Alan McMillen, in his own words, writes about his hellish descent into alcoholism and how he is now striving to turn his life around with the support of Addiction NI.

I have suffered from alcohol dependency for the last 13 years of my life. I was born into a working-class background in north Belfast. My father was a merchant seaman and was away a lot so I was brought up mostly by my mother. He died at the age of 47 from lung cancer.

I left school with five GCEs. A friend of mine who was a cyclist and who went to the same school got me interested in cycling. I started to train with him regularly. 

I’ve always had a technical mindset with regard to electronic engineering and computing and was able to get work with various IT companies. 

I continued riding as a racing cyclist and I knew I was good at it. I raced all over Ireland and the UK. 

I also took up running and ran around 60 miles a week. I ran marathons, half marathons and other races throughout Ireland, the UK and Europe.

In 2006, my mother was rushed to hospital with a severe throat infection. I thought she was going to die.

My work situation at the time was also becoming very difficult and I became lonely and isolated from my fellow co-workers. During my working hours, I started to drive to an off-licence during break time to buy a bottle of wine or a half bottle of spirits to help me cope with a very stressful situation.

This became a routine occurence with my intake of alcohol increasing.

My firm eventually found out that I had an alcohol problem and I was dismissed.

During this period in my life I became even more isolated and started to drink even more, mainly vodka or whiskey. I would drink and drink until I would pass. out. My mother found me unconscious one day. She called an ambulance and I was taken to hospital. I was put onto a detox programme until the alcohol had left my system. This was to happen to me on a number of occasions.

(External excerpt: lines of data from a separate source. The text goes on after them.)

subsection \<open>Comparable kernels\<close>

definition kernel_le_scaled :: "('a \<Rightarrow> 'a \<Rightarrow> real) \<Rightarrow> real \<Rightarrow> ('a \<Rightarrow> 'a \<Rightarrow> real) \<Rightarrow> bool" where
  "kernel_le_scaled k2 M k1 \<longleftrightarrow> (\<forall>a. finite (fsupp a) \<longrightarrow> bil k2 a a \<le> M * bil k1 a a)"

lemma H0_subset_if_kernel_le_scaled:
  assumes le: "kernel_le_scaled k2 M k1" and M: "M > 0"
  shows "H0 k1 \<subseteq> H0 k2"
proof
  fix a assume a: "a \<in> H0 k1"
  show "a \<in> H0 k2"
    unfolding H0_def
  proof (intro CollectI conjI allI impI)
    show "finite (fsupp (a j))" for j by (rule H0_finite_fsupp[OF a])
    fix e :: real assume e: "e > 0"
    obtain N where N: "\<forall>i\<ge>N. \<forall>j\<ge>N. bil k1 (\<lambda>x. a i x - a j x) (\<lambda>x. a i x - a j x) < e / M"
      using H0_Cauchy[OF a, of "e / M"] e M by auto
    have "bil k2 (\<lambda>x. a i x - a j x) (\<lambda>x. a i x - a j x) < e" if "i \<ge> N" "j \<ge> N" for i j
    proof -
      have "bil k2 (\<lambda>x. a i x - a j x) (\<lambda>x. a i x - a j x) \<le> M * bil k1 (\<lambda>x. a i x - a j x) (\<lambda>x. a i x - a j x)"
        using le finite_fsupp_diff[OF H0_finite_fsupp[OF a] H0_finite_fsupp[OF a]]
        by (simp add: kernel_le_scaled_def)
      also have "\<dots> < M * (e / M)" using N that M by (intro mult_strict_left_mono) auto
      finally show ?thesis using M by simp
    qed
    then show "\<exists>N. \<forall>i\<ge>N. \<forall>j\<ge>N. bil k2 (\<lambda>x. a i x - a j x) (\<lambda>x. a i x - a j x) < e" by blast
  qed
qed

I became a binge drinker at home. These sessions would last for around six weeks. After many visits to hospital for detox over a 13-year stretch, I knew I had to do something. 

My GP got me into a residential unit for six weeks. I was very apprehensive about it as I had never attended a place with other people who had multiple addictions. The first two weeks were very difficult, but as I got to know the staff and the occupants, I was able to settle more. 

I eventually finished the course, but as a ‘reward’, I crossed the road to an off-licence and purchased a bottle of whiskey. I placed it in my jacket and subsequently drank it on the three-and-a half-mile walk to my house. 

I was now embroiled in the spiral of drinking again on a binge basis in my own home.  The spiral of drinking and returning to hospital continued right through my 40s and into my early 50s. 

I eventually met a woman at the Mater Hospital in Belfast who said she would refer me to Addiction NI. It was the first time that I had heard about this organisation. 

After a couple of weeks, I received correspondence from Addiction NI and travelled over to east Belfast for an assessment. I started to attend group meetings at Elmwood Avenue in Belfast. 

The group was made up of individuals who suffered or who had suffered from substance abuse. 

The whole focus of the meeting is not to dwell on what substance you had taken, but rather on how to live a balanced and structured life. 

The group that I’m in has been the only treatment which has worked for me, and even after a lapse, I can still attend regularly without guilt or remorse. 

Every person at the group has a similar mindset and goal in life. We gell together because we give each other respect and are able to talk freely without embarrassment or failure. 

I have been to many groups over the last 10 years, but the flexibility and oneness that I feel with Addition NI has dramatically helped me. 

Due to its legality, alcohol is the most accessible substance available. 

The use of large quantities of alcohol to get a ‘high’ does not outweigh the negative effects of what happens when the binge session is over.

I do believe that I can live a life with purpose, meaningful, healthy and balanced without consuming alcohol. 

Change can only occur through ourselves. I believe you have to want to change. Structure and planning are very important, but also having relaxation periods in a day by maybe walking, listening to music, reading or whatever helps you to wind down.

I hope my article is helpful to someone who is struggling with addiction. 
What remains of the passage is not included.